To skim the surface, here are two solutions cybersecurity teams use that incorporate AI:
Two Automation Cybersecurity Solutions for Organizations
User and Entity Behavior Analytics (UEBA)
UEBA is a machine learning cybersecurity process and analytical tool usually included with security operation platforms. It is the process of gathering insight into users’ daily activities. Activity is flagged if any abnormal behavior is detected or if there are deviations from an employee’s normal activity patterns. For example, if a user usually downloads four megabytes of assets weekly and then suddenly downloads 15 gigabytes of data in one day, your team would immediately be alerted because this is abnormal behavior.
The foundation of UEBA can be pretty straightforward. A cybercriminal could easily steal the credentials of one of your employees and gain access, but it is much more difficult for them to convey that employee’s daily behavior to go unseen. Without UEBA, an organization cannot tell if there was an attack since the cybercriminals have the employee’s credentials. Having a dedicated Managed Detection and Response team to alert you can give an organization visibility beyond its boundaries.
Threat Intelligence
Threat intelligence gathers multi-source, raw, curated data about existing threat actors and their tactics, techniques, and procedures (TTPs).

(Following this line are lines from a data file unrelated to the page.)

(* Let $G=(V,E)$ be a finite graph, let $\lambda>0$, and let $(S_v : v\in V)$ be nonempty finite lists of colors. An $S$-coloring is a map $\sigma$ on $V$ with $\sigma(v)\in S_v$ for all $v$ and $\sigma(u)\neq\sigma(v)$ for all $uv\in E$; identify it with the set $\{(v,\sigma(v)):v\in V\}$. (1) If $|S_v|\ge(1+\lambda)d(v)$ for all $v\in V$, then there is a random $S$-coloring $\sigma$ of $G$ such that for every set $T=\{(u_1,\gamma_1),\dots,(u_k,\gamma_k)\}$ of vertex-color pairs with distinct $u_i$, $$\mathbb{P}(\sigma(u_1)=\gamma_1,\dots,\sigma(u_k)=\gamma_k)\le\prod_{i=1}^k\frac{1}{\lambda d(u_i)},$$ where a factor with $d(u_i)=0$ is interpreted as $+\infty$. (2) If $|S_v|\ge(1+\lambda)\Delta_G$ for all $v\in V$, then there is a random $S$-coloring $\sigma$ of $G$ which is $\frac{1}{\lambda\Delta_G}$-spread, i.e. for every set $T$ of vertex-color pairs, $\mathbb{P}(\sigma\supseteq T)\le(\lambda\Delta_G)^{-|T|}$.
   Context: $d(v)$ is the degree of $v$ in $G$ and $\Delta_G$ the maximum degree of $G$. A random set $S$ is $p$-spread if $\mathbb{P}(S\supseteq T)\le p^{|T|}$ for all sets $T$. *)

theory Defs
  imports "HOL-Probability.Probability"
begin

definition fin_graph :: "'a set \<Rightarrow> ('a \<Rightarrow> 'a \<Rightarrow> bool) \<Rightarrow> bool" where
  "fin_graph V E \<longleftrightarrow> finite V \<and> (\<forall>u v. E u v \<longrightarrow> u \<in> V \<and> v \<in> V)
     \<and> (\<forall>u v. E u v \<longrightarrow> E v u) \<and> (\<forall>v. \<not> E v v)"

definition deg :: "'a set \<Rightarrow> ('a \<Rightarrow> 'a \<Rightarrow> bool) \<Rightarrow> 'a \<Rightarrow> nat" where
  "deg V E v = card {u \<in> V. E v u}"

definition maxdeg :: "'a set \<Rightarrow> ('a \<Rightarrow> 'a \<Rightarrow> bool) \<Rightarrow> nat" where
  "maxdeg V E = Max (insert 0 (deg V E ` V))"

definition S_coloring :: "'a set \<Rightarrow> ('a \<Rightarrow> 'a \<Rightarrow> bool) \<Rightarrow> ('a \<Rightarrow> 'c set) \<Rightarrow> ('a \<Rightarrow> 'c) \<Rightarrow> bool" where
  "S_coloring V E S \<sigma> \<longleftrightarrow> (\<forall>v\<in>V. \<sigma> v \<in> S v) \<and> (\<forall>u\<in>V. \<forall>v\<in>V. E u v \<longrightarrow> \<sigma> u \<noteq> \<sigma> v)"

definition coloring_graph :: "'a set \<Rightarrow> ('a \<Rightarrow> 'c) \<Rightarrow> ('a \<times> 'c) set" where
  "coloring_graph V \<sigma> = {(v, \<sigma> v) | v. v \<in> V}"

end

theory Submission
  imports Defs
begin

text \<open>Colour the vertices one at a time, each with a uniformly random colour from its
  list that avoids the colours already given to its neighbours; at least
  \<open>|S v| - d(v)\<close> colours remain available. Whatever happened before, a vertex
  therefore receives a prescribed colour with probability at most \<open>1 / (|S v| - d(v))\<close>,
  so the probability of prescribing all pairs of \<open>T\<close> is at most the product of these
  factors, and \<open>|S v| - d(v)\<close> is at least \<open>\<lambda> d(v)\<close>, resp. \<open>\<lambda> \<Delta>\<close>.\<close>

definition pinned :: "('a \<times> 'c) set \<Rightarrow> ('a \<Rightarrow> 'c) set" where
  "pinned T = {\<sigma>. \<forall>(u, \<gamma>)\<in>T. \<sigma> u = \<gamma>}"

lemma pinned_fun_upd_other:
  assumes "x \<notin> fst ` T"
  shows "\<sigma>(x := c) \<in> pinned T \<longleftrightarrow> \<sigma> \<in> pinned T"
  using assms by (force simp: pinned_def)

lemma pinned_insert:
  "pinned (insert (u, \<gamma>) T) = {\<sigma>. \<sigma> u = \<gamma>} \<inter> pinned T"
  by (auto simp: pinned_def)

lemma pinned_fun_upd:
  assumes "(x, \<gamma>) \<in> T" "inj_on fst T"
  shows "\<sigma>(x := c) \<in> pinned T \<longleftrightarrow> c = \<gamma> \<and> \<sigma> \<in> pinned (T - {(x, \<gamma>)})"
proof -
  have "x \<notin> fst ` (T - {(x, \<gamma>)})"
  proof
    assume "x \<in> fst ` (T - {(x, \<gamma>)})"
    then obtain b where "(x, b) \<in> T" "b \<noteq> \<gamma>"
      by force
    with inj_onD[OF assms(2) _ _ assms(1)] show False
      by fastforce
  qed
  moreover have "pinned T = {\<sigma>. \<sigma> x = \<gamma>} \<inter> pinned (T - {(x, \<gamma>)})"
    using pinned_insert[of x \<gamma> "T - {(x, \<gamma>)}"] by (simp add: insert_absorb assms(1))
  ultimately show ?thesis
    by (simp add: pinned_fun_upd_other)
qed

lemma subset_coloring_graph_iff:
  "T \<subseteq> coloring_graph V \<sigma> \<longleftrightarrow> fst ` T \<subseteq> V \<and> \<sigma> \<in> pinned T"
  by (fastforce simp: coloring_graph_def pinned_def)

lemma inj_on_fst_if_pinned:
  assumes "\<sigma> \<in> pinned T"
  shows "inj_on fst T"
proof (rule inj_onI)
  fix a b assume "a \<in> T" "b \<in> T" "fst a = fst b"
  moreover have "snd a = \<sigma> (fst a)" "snd b = \<sigma> (fst b)"
    using assms \<open>a \<in> T\<close> \<open>b \<in> T\<close> by (auto simp: pinned_def)
  ultimately show "a = b"
    by (simp add: prod_eq_iff)
qed

definition extend_uniform ::
    "('a \<Rightarrow> 'c) pmf \<Rightarrow> 'a \<Rightarrow> (('a \<Rightarrow> 'c) \<Rightarrow> 'c set) \<Rightarrow> ('a \<Rightarrow> 'c) pmf" where
  "extend_uniform p x A = p \<bind> (\<lambda>\<sigma>. map_pmf (\<lambda>c. \<sigma>(x := c)) (pmf_of_set (A \<sigma>)))"

lemma set_pmf_extend_uniform:
  assumes "\<And>\<sigma>. finite (A \<sigma>) \<and> A \<sigma> \<noteq> {}"
  shows "set_pmf (extend_uniform p x A) = {\<sigma>(x := c) |\<sigma> c. \<sigma> \<in> set_pmf p \<and> c \<in> A \<sigma>}"
  using assms by (auto simp: extend_uniform_def)

lemma emeasure_extend_uniform:
  "emeasure (extend_uniform p x A) X
    = (\<integral>\<^sup>+\<sigma>. emeasure (pmf_of_set (A \<sigma>)) {c. \<sigma>(x := c) \<in> X} \<partial>p)"
  by (simp add: extend_uniform_def vimage_def)

lemma prob_extend_uniform_other:
  assumes "x \<notin> fst ` T"
  shows "measure_pmf.prob (extend_uniform p x A) (pinned T) = measure_pmf.prob p (pinned T)"
proof -
  have "emeasure (pmf_of_set (A \<sigma>)) {c. \<sigma>(x := c) \<in> pinned T} = indicator (pinned T) \<sigma>" for \<sigma>
    by (simp add: pinned_fun_upd_other[OF assms] measure_pmf.emeasure_space_1)
  then have "emeasure (extend_uniform p x A) (pinned T) = emeasure p (pinned T)"
    by (simp add: emeasure_extend_uniform)
  then show ?thesis
    by (simp add: measure_pmf.emeasure_eq_measure)
qed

This helps cybersecurity analysts understand how cybercriminals penetrate networks so they can identify signs early in the attack process. For example, a campaign using stolen lawsuit information to target law firms could be modified to target organizations using stolen litigation documents.
Threat intelligence professionals proactively threat hunt for suspicious activity indicating network compromise or malicious activity. This is often a manual process backed by automated searches and existing collected network data correlation. Whereas other detection methods can only detect known categorized threats.
AI Risks and Pitfalls to Be Aware of
When building viable and valuable AI applications, data quality and availability are top of mind. Machines can only train on reliable data for the output to be actionable. Great attention is therefore required in building a robust infrastructure for sourcing, processing, storing, and querying the data. Not securing a chain of custody for input data means AI applications are at risk of generating misleading output.
Awareness of any machine-learned prediction’s limitations and “biases” is also critical. Organizational leadership needs to maintain visibility into AI model characteristics like “prediction accuracy tends to falter beyond a certain range of input values” or “some customer groups were underrepresented in the training data.”
Operationally, an excellent way to proceed is to build and deploy a series of increasingly complex AI applications rather than being wedded to a very ambitious design at the get-go. Iteratively adding functionality and gradually incorporating more data fields can make measuring performance easier and avoid costly mistakes.
Organizations Embracing AI
Organizations need to build a cybersecurity infrastructure embracing the power of AI, deep learning, and machine learning to handle the scale of analysis and data. AI has emerged as a required technology for cybersecurity teams, on top of being one of the most used buzzwords in recent years. People can no longer scale to protect the complex attack surfaces of organizations by themselves. So, when evaluating security operations platforms, organizations need to know how AI can help identify, prioritize risk, and help instantly spot intrusions before they start.